Problem requirements
Find the line containing "by (induction L)" in the records below. Copy exactly that line and each one after it, ending at the line containing "unfolding coeff_sum_list_mult_const", and nothing more.

Material provided
☆ ☆ ☆ ☆ ☆ ☆ ☆
theorem proposition3p4:
  fixes G :: "('a, 'm) monoid_scheme" and TG :: "'a topology"
    and H :: "('b, 'n) monoid_scheme" and TH :: "'b topology"
  assumes "SIN_group G TG"
    and "topological_group H TH"
  shows "\<forall>K V. compactin TH K \<and> V \<in> sym_nhds G TG \<longrightarrow>
           (\<exists>K' V' W. compactin TH K' \<and> V' \<in> sym_nhds G TG \<and> W \<in> sym_nhds G TG \<and>
              (\<forall>\<phi> \<psi> g g'. \<phi> \<in> cont_homs H TH G TG \<and> \<psi> \<in> cont_homs H TH G TG \<and>
                  g \<in> carrier G \<and> g' \<in> carrier G \<and>
                  (\<phi>, \<psi>) \<in> ent_R H G K' V' \<and> (g', g) \<in> ent_G G W \<longrightarrow>
                  (conj_act G \<phi> g, conj_act G \<psi> g') \<in> ent_R H G K V))"
  using SIN_conj_act_entourages[OF assms] by blast

end
lemma trunc_zeta_map_hprod:
  assumes f: "finsupp f" and g: "finsupp g"
  shows "trunc_zeta_map N (hprod f g) = trunc_zeta_map N f * trunc_zeta_map N g"
proof -
  have F: "finite (supp f)" "finite (supp g)" using f g by (auto simp: finsupp_def)
  have "trunc_zeta_map N (hprod f g) = (\<Sum>v\<in>supp f. \<Sum>w\<in>supp g. of_rat_poly (f v * g w) * [:mzv_trunc N (idx v) * mzv_trunc N (idx w):])"
  proof -
    have ZH: "trunc_zeta_map N (harm_words v w) = [:mzv_trunc N (idx v) * mzv_trunc N (idx w):]" for v w
      by (rule trunc_zeta_map_harm_idx) (rule idx_ge1)+
    show ?thesis unfolding hprod_eq_sum
      using F by (simp add: trunc_zeta_map_sum trunc_zeta_map_nc_smult finsupp_harm_idx ZH)
  qed
  also have "\<dots> = (\<Sum>v\<in>supp f. \<Sum>w\<in>supp g. smult (mzv_trunc N (idx v)) (of_rat_poly (f v)) * smult (mzv_trunc N (idx w)) (of_rat_poly (g w)))"
    by (simp add: mult_const_poly_right of_rat_poly_mult mult_ac)
  also have "\<dots> = trunc_zeta_map N f * trunc_zeta_map N g"
    by (simp add: trunc_zeta_map_def sum_product)
  finally show ?thesis .
qed

lemma coeff_pc: "coeff [:c:] i = (if i = 0 then c else 0)"
  by (cases i) auto

lemma coeff_sum_list_mult_const: "coeff (sum_list (map (\<lambda>p. A p * [:x p:]) L)) i = sum_list (map (\<lambda>p. coeff (A p) i * x p) L)"
  by (induction L) (simp_all add: mult_const_poly_right mult.commute)

lemma poly_identity_limit:
  fixes A :: "'a \<Rightarrow> real poly" and B :: "'b \<Rightarrow> 'c \<Rightarrow> real poly"
  assumes eq: "\<And>N. sum_list (map (\<lambda>p. A p * [:x N p:]) L) = [:y N:] + (\<Sum>j\<in>J. \<Sum>m\<in>M j. B j m * [:u N j m:])"
    and cx: "\<And>p. p \<in> set L \<Longrightarrow> (\<lambda>N. x N p) \<longlonglongrightarrow> x' p"
    and cy: "y \<longlonglongrightarrow> y'"
    and cu: "\<And>j m. j \<in> J \<Longrightarrow> m \<in> M j \<Longrightarrow> (\<lambda>N. u N j m) \<longlonglongrightarrow> u' j m"
  shows "sum_list (map (\<lambda>p. A p * [:x' p:]) L) = [:y':] + (\<Sum>j\<in>J. \<Sum>m\<in>M j. B j m * [:u' j m:])"
proof (rule poly_eqI)
  fix i
  have c1: "(\<lambda>N. coeff (sum_list (map (\<lambda>p. A p * [:x N p:]) L)) i)
      \<longlonglongrightarrow> coeff (sum_list (map (\<lambda>p. A p * [:x' p:]) L)) i"
    unfolding coeff_sum_list_mult_const
    by (rule tendsto_sum_list) (use cx in \<open>auto intro!: tendsto_mult_left\<close>)
  have c2: "(\<lambda>N. coeff ([:y N:] + (\<Sum>j\<in>J. \<Sum>m\<in>M j. B j m * [:u N j m:])) i)
      \<longlonglongrightarrow> coeff ([:y':] + (\<Sum>j\<in>J. \<Sum>m\<in>M j. B j m * [:u' j m:])) i"
    unfolding coeff_add coeff_sum mult_const_poly_right coeff_smult coeff_pc
    by (intro tendsto_add tendsto_sum tendsto_mult) (auto simp: cy cu)
  show "coeff (sum_list (map (\<lambda>p. A p * [:x' p:]) L)) i
     = coeff ([:y':] + (\<Sum>j\<in>J. \<Sum>m\<in>M j. B j m * [:u' j m:])) i"
    using c1 c2 unfolding eq by (rule LIMSEQ_unique)
qed
(* Let $m\ge2$, $q\ge2$ be integers, $A$ a primitive $m\times m$ matrix with entries in $\{0,1\}$, and $\Sigma_A=\{(x_k)_{k\ge1}\in\{0,\dots,m-1\}^{\mathbb N}:\ A(x_k,x_{k+1})=1 \ \forall k\}$. Let $(t_i)_{i=0}^{m-1}$ be the unique vector with $t_i>1$ and $t_i^q=\sum_j A(i,j)t_j$ for all $i$. Then the unique Borel probability measure $\mu$ on $\Sigma_A$ maximizing $s(\Sigma_A,\mu)$ is the Markov measure with initial probability vector $\mathbf{p}=\bigl(\sum_{i=0}^{m-1}t_i\bigr)^{-1}(t_0,\dots,t_{m-1})$ and transition probabilities $p_{ij}=t_j/t_i^q$ if $A(i,j)=1$ (and $p_{ij}=0$ otherwise).
   Context: A non-negative matrix is primitive if some power is strictly positive. For a closed $\Omega\subset\Sigma_m$ and Borel probability $\mu$ on $\Omega$: $[u]$ is the cylinder of sequences beginning with word $u$, $\alpha_k=\{\Omega\cap[u]:\ u\in\{0,\dots,m-1\}^k,\ \Omega\cap[u]\ne\emptyset\}$, $H_m^\mu(\alpha)=-\sum_{C\in\alpha}\mu(C)\log_m\mu(C)$, and $s(\Omega,\mu)=(q-1)^2\sum_{k\ge1}H_m^\mu(\alpha_k)/q^{k+1}$. *)

theory Defs
  imports "HOL-Probability.Probability"
begin

text \<open>Sequences in the full shift are functions nat => nat (index k >= 0 corresponds
to the paper's index k+1); nat => nat carries the product topology (Function_Topology),
so borel is the Borel sigma-algebra of the shift space.\<close>

definition full_shift :: "nat \<Rightarrow> (nat \<Rightarrow> nat) set" where
  "full_shift m = {x. \<forall>k. x k < m}"

definition SigmaA :: "nat \<Rightarrow> (nat \<Rightarrow> nat \<Rightarrow> nat) \<Rightarrow> (nat \<Rightarrow> nat) set" where
  "SigmaA m A = {x. (\<forall>k. x k < m) \<and> (\<forall>k. A (x k) (x (Suc k)) = 1)}"

fun matpow :: "nat \<Rightarrow> (nat \<Rightarrow> nat \<Rightarrow> nat) \<Rightarrow> nat \<Rightarrow> nat \<Rightarrow> nat \<Rightarrow> nat" where
  "matpow m A 0 = (\<lambda>i j. if i = j then 1 else 0)"
| "matpow m A (Suc n) = (\<lambda>i j. \<Sum>k<m. matpow m A n i k * A k j)"

definition primitive :: "nat \<Rightarrow> (nat \<Rightarrow> nat \<Rightarrow> nat) \<Rightarrow> bool" where
  "primitive m A \<longleftrightarrow> (\<exists>n. \<forall>i<m. \<forall>j<m. matpow m A n i j > 0)"

definition cyl :: "nat list \<Rightarrow> (nat \<Rightarrow> nat) set" where
  "cyl u = {x. \<forall>i<length u. x i = u ! i}"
☆ ☆ ☆ ☆ ☆ ☆ ☆
Response below
  by (induction L) (simp_all add: mult_const_poly_right mult.commute)

lemma poly_identity_limit:
  fixes A :: "'a \<Rightarrow> real poly" and B :: "'b \<Rightarrow> 'c \<Rightarrow> real poly"
  assumes eq: "\<And>N. sum_list (map (\<lambda>p. A p * [:x N p:]) L) = [:y N:] + (\<Sum>j\<in>J. \<Sum>m\<in>M j. B j m * [:u N j m:])"
    and cx: "\<And>p. p \<in> set L \<Longrightarrow> (\<lambda>N. x N p) \<longlonglongrightarrow> x' p"
    and cy: "y \<longlonglongrightarrow> y'"
    and cu: "\<And>j m. j \<in> J \<Longrightarrow> m \<in> M j \<Longrightarrow> (\<lambda>N. u N j m) \<longlonglongrightarrow> u' j m"
  shows "sum_list (map (\<lambda>p. A p * [:x' p:]) L) = [:y':] + (\<Sum>j\<in>J. \<Sum>m\<in>M j. B j m * [:u' j m:])"
proof (rule poly_eqI)
  fix i
  have c1: "(\<lambda>N. coeff (sum_list (map (\<lambda>p. A p * [:x N p:]) L)) i)
      \<longlonglongrightarrow> coeff (sum_list (map (\<lambda>p. A p * [:x' p:]) L)) i"
    unfolding coeff_sum_list_mult_const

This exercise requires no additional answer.